The hospital sources said two Nigerian soldiers from the West African Ecomog force had been killed in the fighting, but the Ecomog Field Commander Gen Victor Malu, said in Lagos there had been no Nigerian casualties.

An AFRC spokesman, Capt Paul Thomas, urged people to return to work but shops and markets remained closed, though hundreds of people came out to view the damage from fighting around the presidential offices, which were defended by Nigerian troops stationed in Sierra Leone under a regional defence pact.

A fire destroyed the Treasury building and spread to the central bank.

Gen Koromah said he had over thrown President Ahmad Tejan Kabbah because his government, elected last year after four years of military rule, had failed to consolidate peace and the political situation had encouraged tribal conflict.

The rebel leader, Mr Foday Sankoh, speaking from the Nigerian capital, Abuja, where he has been kept by Nigeria's military rulers for the past two months, declined to comment on the invitation to join the military government. "You have to watch the situation before you talk," he said.

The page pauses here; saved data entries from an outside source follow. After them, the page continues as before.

lemma LD_code_subset: "is_LD V E C \<Longrightarrow> C \<subseteq> V"
  unfolding is_LD_def is_code_def by blast

lemma SLD_code_subset: "is_SLD V E C \<Longrightarrow> C \<subseteq> V"
  unfolding is_SLD_def is_code_def by blast

lemma gamma_LD_attained:
  assumes "is_graph V E" and "V \<noteq> {}"
  shows "\<exists>C. is_LD V E C \<and> card C = gamma_LD V E"
  unfolding gamma_LD_def
  by (rule Min_code_cards_attained[where P = "is_LD V E", OF is_graph_finite[OF assms(1)] LD_code_subset is_LD_vertices[OF assms]])

lemma gamma_LD_le:
  assumes "is_graph V E" and "is_LD V E C"
  shows "gamma_LD V E \<le> card C"
  unfolding gamma_LD_def
  by (rule Min_code_cards_le[where P = "is_LD V E", OF is_graph_finite[OF assms(1)] LD_code_subset assms(2)])

lemma gamma_SLD_attained:
  assumes "is_graph V E" and "V \<noteq> {}"
  shows "\<exists>C. is_SLD V E C \<and> card C = gamma_SLD V E"
  unfolding gamma_SLD_def
  by (rule Min_code_cards_attained[where P = "is_SLD V E", OF is_graph_finite[OF assms(1)] SLD_code_subset is_SLD_vertices[OF assms]])

lemma gamma_SLD_le:
  assumes "is_graph V E" and "is_SLD V E C"
  shows "gamma_SLD V E \<le> card C"
  unfolding gamma_SLD_def
  by (rule Min_code_cards_le[where P = "is_SLD V E", OF is_graph_finite[OF assms(1)] SLD_code_subset assms(2)])

lemma gamma_LD_le_gamma_SLD:
  assumes "is_graph V E" and "V \<noteq> {}"
  shows "gamma_LD V E \<le> gamma_SLD V E"
proof -
  obtain C where "is_SLD V E C" and "card C = gamma_SLD V E"
    using gamma_SLD_attained[OF assms] by blast
  then show ?thesis using gamma_LD_le[OF assms(1) SLD_imp_LD[OF assms(1)]] by metis
qed

lemma gamma_SLD_le_card:
  assumes "is_graph V E" and "V \<noteq> {}"
  shows "gamma_SLD V E \<le> card V"
  by (rule gamma_SLD_le[OF assms(1) is_SLD_vertices[OF assms]])

text \<open>The traces of the non-code vertices of a neighbourhood-closed set \<open>H\<close> are distinct
  nonempty subsets of \<open>D \<inter> H\<close>.\<close>
lemma card_closed_set_LD_bound:
  assumes g: "is_graph V E" and ld: "is_LD V E D" and HV: "H \<subseteq> V"
    and closed: "\<And>u v. u \<in> H \<Longrightarrow> E u v \<Longrightarrow> v \<in> H"
  shows "card H + 1 \<le> card (D \<inter> H) + 2 ^ card (D \<inter> H)"
proof -
  have finH: "finite H" using is_graph_finite[OF g] HV finite_subset by blast
  have nonempty: "\<forall>u \<in> V - D. Icode E D u \<noteq> {}"
    and distinct: "\<forall>u \<in> V - D. \<forall>v \<in> V - D. u \<noteq> v \<longrightarrow> Icode E D u \<noteq> Icode E D v"
    using ld unfolding is_LD_def by auto
  have inj: "inj_on (Icode E D) (H - D)"
    using distinct HV unfolding inj_on_def by blast
  have traces: "Icode E D ` (H - D) \<subseteq> Pow (D \<inter> H) - {{}}"
  proof
    fix X assume "X \<in> Icode E D ` (H - D)"
    then obtain u where u: "u \<in> H - D" and X: "X = Icode E D u" by blast
    have "X \<noteq> {}" using nonempty u X HV by blast
    moreover have "X \<subseteq> D \<inter> H" using u closed unfolding X Icode_def cnbhd_def by blast
    ultimately show "X \<in> Pow (D \<inter> H) - {{}}" by blast
  qed
  have "card (H - D) \<le> card (Pow (D \<inter> H) - {{}})"
    using card_inj_on_le[OF inj traces] finH by simp
  also have "\<dots> = 2 ^ card (D \<inter> H) - 1"
    using finH by (simp add: card_Pow card_Diff_singleton del: Pow_Int_eq)
  finally have traces_bound: "card (H - D) + 1 \<le> 2 ^ card (D \<inter> H)"
    using one_le_power[of "2::nat" "card (D \<inter> H)"] by linarith
  have "card H = card (H - D) + card (D \<inter> H)"
    using finH by (metis Int_commute card_Int_Diff add.commute)
  then show ?thesis using traces_bound by simp
qed

lemma card_le_gamma_LD_exp:
  assumes g: "is_graph V E" and "V \<noteq> {}"
  shows "card V + 1 \<le> gamma_LD V E + 2 ^ gamma_LD V E"
proof -
  obtain C where C: "is_LD V E C" "card C = gamma_LD V E"
    using gamma_LD_attained[OF assms] by blast
  have "C \<inter> V = C" using LD_code_subset[OF C(1)] by blast
  moreover have "card V + 1 \<le> card (C \<inter> V) + 2 ^ card (C \<inter> V)"
    using is_graph_edge_in[OF g] by (intro card_closed_set_LD_bound[OF g C(1) order_refl]) blast
  ultimately show ?thesis using C(2) by simp
qed

text \<open>If \<open>N(u) \<subseteq> N[w]\<close> for some \<open>w \<noteq> u\<close>, then \<open>w\<close> lies in \<open>N[c]\<close> for every \<open>c \<in> I(C;u) \<subseteq> N(u)\<close>,
  so no vertex outside the code can be self-located.\<close>
lemma SLD_eq_vertices_if_nbhds_covered:
  assumes g: "is_graph V E" and sld: "is_SLD V E D"
    and covered: "\<And>u. u \<in> V \<Longrightarrow> {v. E u v} \<noteq> {} \<Longrightarrow>
                      \<exists>w \<in> V. w \<noteq> u \<and> {v. E u v} \<subseteq> cnbhd E w"
  shows "D = V"
proof (rule ccontr)
  assume "D \<noteq> V"
  then obtain u where u: "u \<in> V - D" using SLD_code_subset[OF sld] by blast
  have "Icode E D u \<noteq> {} \<and> (\<Inter>c \<in> Icode E D u. cnbhd E c) = {u}"
    using sld u unfolding is_SLD_def by blast
  then have nonempty: "Icode E D u \<noteq> {}" and located: "(\<Inter>c \<in> Icode E D u. cnbhd E c) = {u}"
    by (rule conjunct1, rule conjunct2)
  have trace_nbhd: "Icode E D u \<subseteq> {v. E u v}"
    using u unfolding Icode_def cnbhd_def by blast
  then have "{v. E u v} \<noteq> {}" using nonempty by blast
  then obtain w where w: "w \<in> V" "w \<noteq> u" "{v. E u v} \<subseteq> cnbhd E w"
    using covered[of u] u by blast
  have "w \<in> (\<Inter>c \<in> Icode E D u. cnbhd E c)"
  proof
    fix c assume "c \<in> Icode E D u"
    then have "c \<in> cnbhd E w" using trace_nbhd w(3) by blast
    then have "c = w \<or> E c w" using is_graph_sym[OF g] unfolding mem_cnbhd_iff by blast
    then show "w \<in> cnbhd E c" unfolding mem_cnbhd_iff by blast
  qed
  then have "w = u" unfolding located by blast
  then show False using w(2) by contradiction
qed

lemma gamma_SLD_eq_card_if_nbhds_covered:
  assumes g: "is_graph V E" and "V \<noteq> {}"
    and "\<And>u. u \<in> V \<Longrightarrow> {v. E u v} \<noteq> {} \<Longrightarrow>
               \<exists>w \<in> V. w \<noteq> u \<and> {v. E u v} \<subseteq> cnbhd E w"
  shows "gamma_SLD V E = card V"
proof -
  obtain D where D: "is_SLD V E D" and "card D = gamma_SLD V E"
    using gamma_SLD_attained[OF g \<open>V \<noteq> {}\<close>] by blast
  moreover have "D = V" by (rule SLD_eq_vertices_if_nbhds_covered[OF g D assms(3)])
  ultimately show ?thesis by simp
qed

lemma isolated_in_LD:
  assumes "is_LD V E D" and "u \<in> V" and "\<And>v. \<not> E u v"
  shows "u \<in> D"
proof (rule ccontr)
  assume "u \<notin> D"
  then have "Icode E D u \<noteq> {}" using assms(1,2) unfolding is_LD_def by blast
  moreover have "Icode E D u \<subseteq> {u}" using assms(3) unfolding Icode_def cnbhd_def by blast
  ultimately show False using \<open>u \<notin> D\<close> unfolding Icode_def by blast
qed

text \<open>The vertices outside \<open>H\<close> are isolated, hence in the code; inside \<open>H\<close> the trace count
  forces at least \<open>j\<close> code vertices.\<close>
lemma LD_card_lower_bound:
  assumes g: "is_graph V E" and ld: "is_LD V E D" and HV: "H \<subseteq> V"
    and edges: "\<And>u v. E u v \<Longrightarrow> u \<in> H"
    and large: "\<And>m. m < j \<Longrightarrow> m + 2 ^ m \<le> card H"
  shows "card (V - H) + j \<le> card D"
proof -
  have fin: "finite V" using is_graph_finite[OF g] .
  have DV: "D \<subseteq> V" using LD_code_subset[OF ld] .
  have outside: "V - H \<subseteq> D"
    using isolated_in_LD[OF ld] edges by blast
  have "card H + 1 \<le> card (D \<inter> H) + 2 ^ card (D \<inter> H)"
    by (rule card_closed_set_LD_bound[OF g ld HV]) (use edges is_graph_sym[OF g] in blast)
  then have inside: "j \<le> card (D \<inter> H)"
    using large[of "card (D \<inter> H)"] by linarith
  have "D = (V - H) \<union> (D \<inter> H)" using outside DV by blast
  also have "card \<dots> = card (V - H) + card (D \<inter> H)"
    using fin DV by (intro card_Un_disjoint) (auto intro: finite_subset)
  finally have "card D = card (V - H) + card (D \<inter> H)" .
  then show ?thesis using inside by linarith
qed

text \<open>Vertices \<open>Inl i\<close> with \<open>i < j\<close> form a clique, \<open>Inl i\<close> with \<open>j \<le> i < j + s\<close> are isolated, and
  there is a vertex \<open>Inr T\<close> for each \<open>T \<in> F\<close>, adjacent to the clique vertices in \<open>T\<close>. Two subset
  vertices are adjacent when their union is the whole clique; the vertex of the full clique is
  moreover only adjacent to subset vertices containing \<open>0\<close>, so that its neighbourhood lies in the
  closed neighbourhood of \<open>Inl 0\<close>.\<close>
fun gadget_edge :: "nat \<Rightarrow> nat set set \<Rightarrow> nat + nat set \<Rightarrow> nat + nat set \<Rightarrow> bool" where
  "gadget_edge j F (Inl i) (Inl i') \<longleftrightarrow> i < j \<and> i' < j \<and> i \<noteq> i'"
| "gadget_edge j F (Inl i) (Inr T) \<longleftrightarrow> T \<in> F \<and> i \<in> T"
| "gadget_edge j F (Inr T) (Inl i) \<longleftrightarrow> T \<in> F \<and> i \<in> T"
| "gadget_edge j F (Inr S) (Inr T) \<longleftrightarrow> S \<in> F \<and> T \<in> F \<and> S \<noteq> T \<and> S \<union> T = {0..<j}
      \<and> (S = {0..<j} \<longrightarrow> 0 \<in> T) \<and> (T = {0..<j} \<longrightarrow> 0 \<in> S)"

definition gadget_vertices :: "nat \<Rightarrow> nat \<Rightarrow> nat set set \<Rightarrow> (nat + nat set) set" where
  "gadget_vertices j s F = Inl ` {0..<j+s} \<union> Inr ` F"

definition gadget_core :: "nat \<Rightarrow> nat set set \<Rightarrow> (nat + nat set) set" where
  "gadget_core j F = Inl ` {0..<j} \<union> Inr ` F"

locale gadget =
  fixes j :: nat and F :: "nat set set"
  assumes subsets: "F \<subseteq> Pow {0..<j} - {{}}"
    and full_mem: "1 \<le> j \<Longrightarrow> {0..<j} \<in> F"
    and cosingleton_mem: "c \<in> {1..<j} \<Longrightarrow> {0..<j} - {c} \<in> F"
begin

abbreviation "E \<equiv> gadget_edge j F"

lemma subset_clique: "T \<in> F \<Longrightarrow> T \<subseteq> {0..<j}"
  using subsets by blast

One of the coup leaders first decrees reflected army grievances against Mr Kabbah, abolishing a civilian militia on which he had come to rely against the rebels in fighting continuing despite a peace accord last year.

Troops stormed Freetown's maximum security prison on Sunday and freed 600 inmates, including soldiers charged with plotting against Mr Kabbah. Sierra Leone's ambassador to the US, Mr John Leigh, said the soldiers gave arms to their jailed colleagues and common criminals to attack government buildings.

Land borders and air and sea ports were closed until further notice.